以上で、決められた時間にTVの電源が入り、決められた時間にTVの電源がOFFになる仕組みが作成できました。
一口メモ
2. で作成したシェルスクリプトの中身を変えることで、音量の調整や、HDMI信号の切り替えなどが可能です。
たとえば、常に動作しているHDMIメディアプレイヤーなどでムービーやスライドを流しているようであれば、電源ON後に入力信号を切り替えれば、そのソースが選択され出力されます。不用意にチャンネルを変更したり、入力を変更したとしても、決まったソースを流したり、音量の設定をあらかじめ決定したボリュームで流す、などが可能となります。
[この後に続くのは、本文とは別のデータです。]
(* Consider the non-contextual auction problem described in the context with $T\ge N\ge 3$. For any (possibly randomized) learning algorithm $\mathcal{A}$, there exist a sequence of bids $\{b_t\}_{t=1}^T\subset[0,1]^N$ and CTRs $\{\rho_i\}_{i=1}^N\subset[0,1]$ such that the expected regret of $\mathcal{A}$ is at least $\Omega(\sqrt{NT})$.
   Context: Notation: $\mathrm{smax}_i v_i$ is the second-largest entry of $v$; $\arg\max$, $\arg\mathrm{smax}$ the indices of the largest and second-largest entries, ties broken by a fixed deterministic rule. Non-contextual problem: a fixed set of $N$ ads with unknown constant CTRs $\rho_i\in[0,1]$. At each round $t\in[T]$ the learner chooses estimated CTRs $\tilde\rho_t\in[0,1]^N$ (based on past observations); bids $b_t\in[0,1]^N$ are given. The winner is $i_t=\arg\max_i b_{t,i}\tilde\rho_{t,i}$, the runner-up $j_t=\arg\mathrm{smax}_i b_{t,i}\tilde\rho_{t,i}$, the payment per click $d_t=b_{t,j_t}\tilde\rho_{t,j_t}/\tilde\rho_{t,i_t}$; the winner's ad is clicked with probability $\rho_{i_t}$. The learner observes $b_t$ and the click indicator $c_t\in\{0,1\}$ and receives $c_td_t$. Regret: $\mathrm{Reg}=\sum_{t=1}^T\mathrm{smax}_i b_{t,i}\rho_i-\sum_{t=1}^T c_td_t$. *)

theory Defs
  imports "HOL-Probability.Probability"
begin

(* Vectors in [0,1]^N are functions nat => real, only indices i < N matter.
   Rounds are indexed 0..T-1.  b t i is the bid of ad i at round t. *)

(* Deterministic tie-breaking: argmax = smallest index attaining the maximum;
   arg smax = smallest index attaining the maximum over the remaining indices. *)
definition argmax_idx :: "nat \<Rightarrow> (nat \<Rightarrow> real) \<Rightarrow> nat" where
  "argmax_idx N v = (LEAST i. i < N \<and> (\<forall>j<N. v j \<le> v i))"

definition argsmax_idx :: "nat \<Rightarrow> (nat \<Rightarrow> real) \<Rightarrow> nat" where
  "argsmax_idx N v = (LEAST j. j < N \<and> j \<noteq> argmax_idx N v \<and>
      (\<forall>k<N. k \<noteq> argmax_idx N v \<longrightarrow> v k \<le> v j))"

definition smax :: "nat \<Rightarrow> (nat \<Rightarrow> real) \<Rightarrow> real" where
  "smax N v = v (argsmax_idx N v)"

(* A deterministic learning policy: at round t it receives the bids b_1..b_t
   (bids of later rounds are masked) and the clicks c_1..c_{t-1}
   (later clicks masked), and outputs estimated CTRs. *)
type_synonym policy = "nat \<Rightarrow> (nat \<Rightarrow> nat \<Rightarrow> real) \<Rightarrow> (nat \<Rightarrow> bool) \<Rightarrow> nat \<Rightarrow> real"

definition est :: "policy \<Rightarrow> (nat \<Rightarrow> nat \<Rightarrow> real) \<Rightarrow> bool list \<Rightarrow> nat \<Rightarrow> nat \<Rightarrow> real" where
  "est \<pi> b c t = \<pi> t (\<lambda>s. if s \<le> t then b s else (\<lambda>_. 0)) (\<lambda>s. s < t \<and> s < length c \<and> c ! s)"

definition winner :: "nat \<Rightarrow> policy \<Rightarrow> (nat \<Rightarrow> nat \<Rightarrow> real) \<Rightarrow> bool list \<Rightarrow> nat \<Rightarrow> nat" where
  "winner N \<pi> b c t = argmax_idx N (\<lambda>i. b t i * est \<pi> b c t i)"

definition runnerup :: "nat \<Rightarrow> policy \<Rightarrow> (nat \<Rightarrow> nat \<Rightarrow> real) \<Rightarrow> bool list \<Rightarrow> nat \<Rightarrow> nat" where
  "runnerup N \<pi> b c t = argsmax_idx N (\<lambda>i. b t i * est \<pi> b c t i)"

definition payment :: "nat \<Rightarrow> policy \<Rightarrow> (nat \<Rightarrow> nat \<Rightarrow> real) \<Rightarrow> bool list \<Rightarrow> nat \<Rightarrow> real" where
  "payment N \<pi> b c t =
     b t (runnerup N \<pi> b c t) * est \<pi> b c t (runnerup N \<pi> b c t) / est \<pi> b c t (winner N \<pi> b c t)"

definition click_prob :: "nat \<Rightarrow> nat \<Rightarrow> policy \<Rightarrow> (nat \<Rightarrow> nat \<Rightarrow> real) \<Rightarrow> (nat \<Rightarrow> real) \<Rightarrow> bool list \<Rightarrow> real" where
  "click_prob N T \<pi> b \<rho> c =
     (\<Prod>t<T. if c ! t then \<rho> (winner N \<pi> b c t) else 1 - \<rho> (winner N \<pi> b c t))"

definition exp_revenue :: "nat \<Rightarrow> nat \<Rightarrow> policy \<Rightarrow> (nat \<Rightarrow> nat \<Rightarrow> real) \<Rightarrow> (nat \<Rightarrow> real) \<Rightarrow> real" where
  "exp_revenue N T \<pi> b \<rho> =
     (\<Sum>c\<in>{c :: bool list. length c = T}.
        click_prob N T \<pi> b \<rho> c * (\<Sum>t<T. if c ! t then payment N \<pi> b c t else 0))"

definition exp_regret :: "nat \<Rightarrow> nat \<Rightarrow> policy \<Rightarrow> (nat \<Rightarrow> nat \<Rightarrow> real) \<Rightarrow> (nat \<Rightarrow> real) \<Rightarrow> real" where
  "exp_regret N T \<pi> b \<rho> =
     (\<Sum>t<T. smax N (\<lambda>i. b t i * \<rho> i)) - exp_revenue N T \<pi> b \<rho>"

end

theory Submission
  imports Defs
begin

(* With all bids equal to 1 the benchmark of round t is the second-largest CTR, while the
   seller collects at most the winner's CTR in expectation.  In instance k the two adjacent ads
   k and k + 1 (mod N) have CTR 1/2 + e and all others 1/2, so every round whose winner lies
   outside that pair costs e.  Under uniform CTRs 1/2 each winner belongs to at most two of the N
   pairs, so on average over k the pair wins in at most 2T/N rounds.  Switching from the uniform
   instance to instance k costs a KL divergence of O(e^2) per round won by the pair, which, through
   the Hellinger distance, limits how much more often the pair can win in instance k.  Taking e of
   order sqrt(N/T), the regret averaged over the N instances is of order e T = sqrt(N T), and a
   randomized algorithm, being a mixture of deterministic ones, suffers it on one instance. *)

section \<open>Probabilities of click paths\<close>

abbreviation paths :: "nat \<Rightarrow> bool list set" where
  "paths n \<equiv> {c. length c = n}"

(* w d is the probability that the outcome following the history d is True. *)
definition path_prob :: "(bool list \<Rightarrow> real) \<Rightarrow> nat \<Rightarrow> bool list \<Rightarrow> real" where
  "path_prob w n c = (\<Prod>t<n. if c ! t then w (take t c) else 1 - w (take t c))"

lemma finite_paths: "finite (paths n)"
  using finite_lists_length_eq[of "UNIV :: bool set" n] by simp

lemma paths_Suc: "paths (Suc n) = (\<lambda>c. c @ [True]) ` paths n \<union> (\<lambda>c. c @ [False]) ` paths n"
proof (intro equalityI subsetI)
  fix c assume "c \<in> paths (Suc n)"
  then have "c = butlast c @ [last c]" "butlast c \<in> paths n"
    by (auto intro: append_butlast_last_id[symmetric])
  then show "c \<in> (\<lambda>c. c @ [True]) ` paths n \<union> (\<lambda>c. c @ [False]) ` paths n"
    by (cases "last c") auto
qed auto

lemma sum_paths_Suc:
  "(\<Sum>c\<in>paths (Suc n). F c) = (\<Sum>c\<in>paths n. F (c @ [True]) + F (c @ [False]))"
proof -
  have "(\<Sum>c\<in>paths (Suc n). F c)
      = (\<Sum>c\<in>(\<lambda>c. c @ [True]) ` paths n. F c) + (\<Sum>c\<in>(\<lambda>c. c @ [False]) ` paths n. F c)"
    unfolding paths_Suc by (rule sum.union_disjoint) (auto simp: finite_paths)
  also have "\<dots> = (\<Sum>c\<in>paths n. F (c @ [True])) + (\<Sum>c\<in>paths n. F (c @ [False]))"
    by (simp add: sum.reindex inj_on_def)
  finally show ?thesis by (simp add: sum.distrib)
qed

lemma path_prob_snoc:
  "length c = n \<Longrightarrow> path_prob w (Suc n) (c @ [x]) = path_prob w n c * (if x then w c else 1 - w c)"
  unfolding path_prob_def by (auto simp: nth_append intro!: prod.cong)

lemma sum_path_prob_take:
  "m \<le> n \<Longrightarrow> (\<Sum>c\<in>paths n. path_prob w n c * h (take m c)) = (\<Sum>c\<in>paths m. path_prob w m c * h c)"
proof (induction n)
  case (Suc n)
  show ?case
  proof (cases "m = Suc n")
    case False
    then have "m \<le> n" using Suc.prems by simp
    have "(\<Sum>c\<in>paths (Suc n). path_prob w (Suc n) c * h (take m c))
        = (\<Sum>c\<in>paths n. path_prob w n c * h (take m c))"
      unfolding sum_paths_Suc using \<open>m \<le> n\<close>
      by (intro sum.cong) (auto simp: path_prob_snoc algebra_simps)
    then show ?thesis using Suc.IH[OF \<open>m \<le> n\<close>] by simp
  qed (auto intro: sum.cong)
qed simp

lemma sum_path_prob: "(\<Sum>c\<in>paths n. path_prob w n c) = 1"
  using sum_path_prob_take[of 0 n w "\<lambda>_. 1"] by (simp add: path_prob_def)

lemma path_prob_pos: "(\<And>d. 0 < w d \<and> w d < 1) \<Longrightarrow> 0 < path_prob w n c"
  unfolding path_prob_def by (intro prod_pos) auto

lemma sum_path_prob_nth:
  assumes "t < n"
  shows "(\<Sum>c\<in>paths n. path_prob w n c * G (take t c) (c ! t))
       = (\<Sum>c\<in>paths n. path_prob w n c *
            (w (take t c) * G (take t c) True + (1 - w (take t c)) * G (take t c) False))"
proof -
  have "(\<Sum>c\<in>paths n. path_prob w n c * G (take t c) (c ! t))
      = (\<Sum>c\<in>paths (Suc t). path_prob w (Suc t) c * G (take t c) (c ! t))"
    using sum_path_prob_take[of "Suc t" n w "\<lambda>d. G (take t d) (d ! t)"] assms by simp
  also have "\<dots> = (\<Sum>c\<in>paths t. path_prob w t c * (w c * G c True + (1 - w c) * G c False))"
    unfolding sum_paths_Suc by (intro sum.cong) (auto simp: path_prob_snoc algebra_simps nth_append)
  also have "\<dots> = (\<Sum>c\<in>paths n. path_prob w n c *
            (w (take t c) * G (take t c) True + (1 - w (take t c)) * G (take t c) False))"
    using sum_path_prob_take[of t n w "\<lambda>d. w d * G d True + (1 - w d) * G d False"] assms
    by simp
  finally show ?thesis .
qed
また、同様にIPアドレスとAPIを持つ電化製品に関してもコントロールができるものがありますので、皆様、ぜひトライしてみてください。
弊社ですとPhilips Hue/IKEA TRADFRIなどとの連動を行っております。TVのOFFと合わせて照明を消灯したり、減灯したり、ということが簡単に可能です。
あわせて、トリガーをタイマーからセンサーにすることも検討できます。
人感センサーや扉の開閉センサーと連動させて、TVのHDMI入力を来客用のコンテンツが流れているチャンネルに切り替えるなど。メディアプレイヤーを複数用意し、弊社が誇る顔認証システムと連携すれば、性別、年齢層に応じてそれぞれのメディアプレイヤーに用意してあるコンテンツをHDMI入力を変えることで表示するようなことも可能でしょう。
さいごに
本システムの魅力は、エッジ内=ローカルで動作が行えることです。
TVの電源管理のためだけにクラウドの契約をしたり、インターネット通信を用意しなければならない、というのはIoT的には「ある意味正しい回答」なのですが、実際には外部への接続がままならなかったり(セキュリティやコスト面)するケースも多いように感じています。
そのような中でも簡単に利用できる省力化・自動化の手段となりうるGravioを是非ご検討ください。